The board reviewed the retiree health (OPEB) actuarial assumptions and voted to accept the presented assumptions except for the discount rate, which trustees asked staff to quantify in dollars before making a choice.
Staff presented the OPEB preliminary projections and said the trust is about 49% funded. Health-care trend inputs were updated using the Society of Actuaries' recent guidance and reflected short-term increases; staff recommended modestly higher initial trend rates for pre-Medicare and Medicare-eligible plans to reflect recent premium movements. Staff also recommended lowering the administrative-expense assumption to $33 per member for fiscal 2027, based on updated per-capita expense projections.

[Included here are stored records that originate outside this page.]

lemma (in prob_space) prob_indep_var_pair_eq_integral:
  assumes indep: "indep_var S X T Y" and B: "B \<in> sets (S \<Otimes>\<^sub>M T)"
  shows "prob {\<omega> \<in> space M. (X \<omega>, Y \<omega>) \<in> B} = (\<integral>x. measure (distr M T Y) (Pair x -` B) \<partial>distr M S X)"
proof -
  have X: "random_variable S X" and Y: "random_variable T Y"
    and joint: "distr M S X \<Otimes>\<^sub>M distr M T Y = distr M (S \<Otimes>\<^sub>M T) (\<lambda>\<omega>. (X \<omega>, Y \<omega>))"
    using indep unfolding indep_var_distribution_eq by auto
  have "prob {\<omega> \<in> space M. (X \<omega>, Y \<omega>) \<in> B} = measure (distr M S X \<Otimes>\<^sub>M distr M T Y) B"
    unfolding joint using X Y B by (subst measure_distr) (auto intro!: arg_cong[where f=prob])
  also have "\<dots> = (\<integral>x. measure (distr M T Y) (Pair x -` B) \<partial>distr M S X)"
    using X Y B by (intro measure_pair_measure_eq_integral prob_space_distr) auto
  finally show ?thesis .
qed

lemma gamma_density_nonneg: "\<theta> > 0 \<Longrightarrow> gamma_density m \<theta> x \<ge> 0"
  by (cases m) (simp_all add: gamma_density_def Gamma_real_pos)

lemma gamma_density_measurable [measurable]: "gamma_density m \<theta> \<in> borel_measurable borel"
  unfolding gamma_density_def[abs_def] by measurable

lemma gamma_density_scale:
  assumes "m \<ge> 1" and "\<theta> > 0" and "s \<ge> 0"
  shows "\<theta> * gamma_density m \<theta> (\<theta> * s) = s ^ (m - 1) * exp (- s) / Gamma (real m)"
proof -
  have "\<not> \<theta> * s < 0"
    using assms by (simp add: not_less)
  then show ?thesis
    using assms Gamma_real_pos[of "real m"]
    by (cases m) (simp_all add: gamma_density_def power_mult_distrib field_simps)
qed

lemma gamma_density_eq_erlang_density:
  assumes "m \<ge> 1" and "\<theta> > 0"
  shows "gamma_density m \<theta> = erlang_density (m - 1) (1 / \<theta>)"
proof
  fix x
  obtain k where k: "m = Suc k"
    using assms(1) by (cases m) auto
  have "Gamma (real m) = fact k"
    using Gamma_fact[of k] by (simp add: k add.commute)
  then show "gamma_density m \<theta> x = erlang_density (m - 1) (1 / \<theta>) x"
    using assms(2) by (simp add: gamma_density_def erlang_density_def k power_one_over field_simps)
qed

definition gamma_measure :: "nat \<Rightarrow> real \<Rightarrow> real measure" where
  "gamma_measure m \<theta> = density lborel (\<lambda>x. ennreal (gamma_density m \<theta> x))"

lemma prob_space_gamma_measure: "m \<ge> 1 \<Longrightarrow> \<theta> > 0 \<Longrightarrow> prob_space (gamma_measure m \<theta>)"
  by (simp add: gamma_measure_def gamma_density_eq_erlang_density prob_space_erlang_density)

lemma sets_gamma_measure [measurable_cong, simp]: "sets (gamma_measure m \<theta>) = sets borel"
  by (simp add: gamma_measure_def)

lemma AE_gamma_measure_nonneg: "AE x in gamma_measure m \<theta>. 0 \<le> x"
  unfolding gamma_measure_def
  by (subst AE_density) (auto intro!: AE_I2 simp: gamma_density_def not_le)

lemma integrable_power_mult_exp_atLeast:
  fixes y :: real
  assumes "y \<ge> 0"
  shows "integrable lborel (\<lambda>s. indicator {y..} s * (s ^ k * exp (- s)))"
proof (rule integrableI_nonneg)
  show "AE s in lborel. 0 \<le> indicator {y..} s * (s ^ k * exp (- s))"
    using assms by (auto simp: indicator_def)
  have "(\<integral>\<^sup>+s. ennreal (indicator {y..} s * (s ^ k * exp (- s))) \<partial>lborel)
      \<le> (\<integral>\<^sup>+s. ennreal (s ^ k * exp (- s)) * indicator {0..} s \<partial>lborel)"
    using assms by (intro nn_integral_mono) (auto simp: indicator_def)
  also have "\<dots> = real_of_nat (fact k)"
    by (rule nn_intergal_power_times_exp_Ici)
  finally show "(\<integral>\<^sup>+s. ennreal (indicator {y..} s * (s ^ k * exp (- s))) \<partial>lborel) < \<infinity>"
    by (simp add: le_less_trans)
qed simp

lemma upper_inc_Gamma_nonneg: "x \<ge> 0 \<Longrightarrow> upper_inc_Gamma a x \<ge> 0"
  unfolding upper_inc_Gamma_def set_lebesgue_integral_def
  by (intro integral_nonneg_AE AE_I2) (auto simp: indicator_def)

lemma emeasure_gamma_measure_atLeast:
  assumes m: "m \<ge> 1" and \<theta>: "\<theta> > 0" and T: "T \<ge> 0"
  shows "emeasure (gamma_measure m \<theta>) {T..} = ennreal (upper_inc_Gamma m (T / \<theta>) / Gamma (real m))"
proof -
  have scaled: "\<bar>\<theta>\<bar> * (ennreal (gamma_density m \<theta> (\<theta> * s)) * indicator {T..} (\<theta> * s))
      = ennreal (indicator {T / \<theta>..} s * (s ^ (m - 1) * exp (- s)) / Gamma (real m))" for s
  proof (cases "T \<le> \<theta> * s")
    case True
    then have "0 \<le> \<theta> * s" and in_tail: "T / \<theta> \<le> s"
      using T \<theta> by (auto simp: divide_le_eq mult.commute)
    then have "s \<ge> 0"
      using \<theta> by (simp add: zero_le_mult_iff)
    then show ?thesis
      using True in_tail \<theta> m gamma_density_scale[OF m \<theta>, of s] gamma_density_nonneg[OF \<theta>]
      by (simp add: ennreal_mult[symmetric])
  next
    case False
    then have "\<not> T / \<theta> \<le> s"
      using \<theta> by (simp add: divide_le_eq mult.commute)
    then show ?thesis
      using False by simp
  qed
  have "emeasure (gamma_measure m \<theta>) {T..} = (\<integral>\<^sup>+u. ennreal (gamma_density m \<theta> u) * indicator {T..} u \<partial>lborel)"
    by (simp add: gamma_measure_def emeasure_density)
  also have "\<dots> = \<bar>\<theta>\<bar> * (\<integral>\<^sup>+s. ennreal (gamma_density m \<theta> (0 + \<theta> * s)) * indicator {T..} (0 + \<theta> * s) \<partial>lborel)"
    using \<theta> by (intro nn_integral_real_affine) auto
  also have "\<dots> = (\<integral>\<^sup>+s. ennreal (indicator {T / \<theta>..} s * (s ^ (m - 1) * exp (- s)) / Gamma (real m)) \<partial>lborel)"
    by (simp add: nn_integral_cmult[symmetric] scaled)
  also have "\<dots> = ennreal (\<integral>s. indicator {T / \<theta>..} s * (s ^ (m - 1) * exp (- s)) / Gamma (real m) \<partial>lborel)"
  proof (intro nn_integral_eq_integral integrable_divide integrable_power_mult_exp_atLeast AE_I2)
    have "T / \<theta> \<ge> 0" and "Gamma (real m) > 0"
      using T \<theta> m by (simp_all add: Gamma_real_pos)
    then show "0 \<le> indicator {T / \<theta>..} s * (s ^ (m - 1) * exp (- s)) / Gamma (real m)" for s
      by (cases "T / \<theta> \<le> s") (simp_all add: indicator_def)
  qed (use T \<theta> in simp)
  also have "\<dots> = ennreal (upper_inc_Gamma m (T / \<theta>) / Gamma (real m))"
    by (simp add: upper_inc_Gamma_def set_lebesgue_integral_def)
  finally show ?thesis .
qed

On the discount rate — the assumed long-term expected return used to discount liabilities — staff presented arguments for retaining the existing 6.0% assumption and for increasing to 6.25%. Trustees discussed trade-offs: a higher discount rate reduces current city contribution obligations but raises the risk of higher costs later if actual returns fall short. Given plan underfunding, several trustees favored prudence; others noted the plan's closed status and the practical limits to building an overly large surplus. The board voted to adopt all the other OPEB assumptions and to defer a discount-rate decision until staff returns with dollarized impacts of the two options. The motion to adopt the other assumptions and defer the rate was moved by Bato, seconded by Gretchen, and approved.
Staff will present the numerical funding impacts of a 6.0% vs. 6.25% discount-rate assumption at the next meeting to enable an informed vote.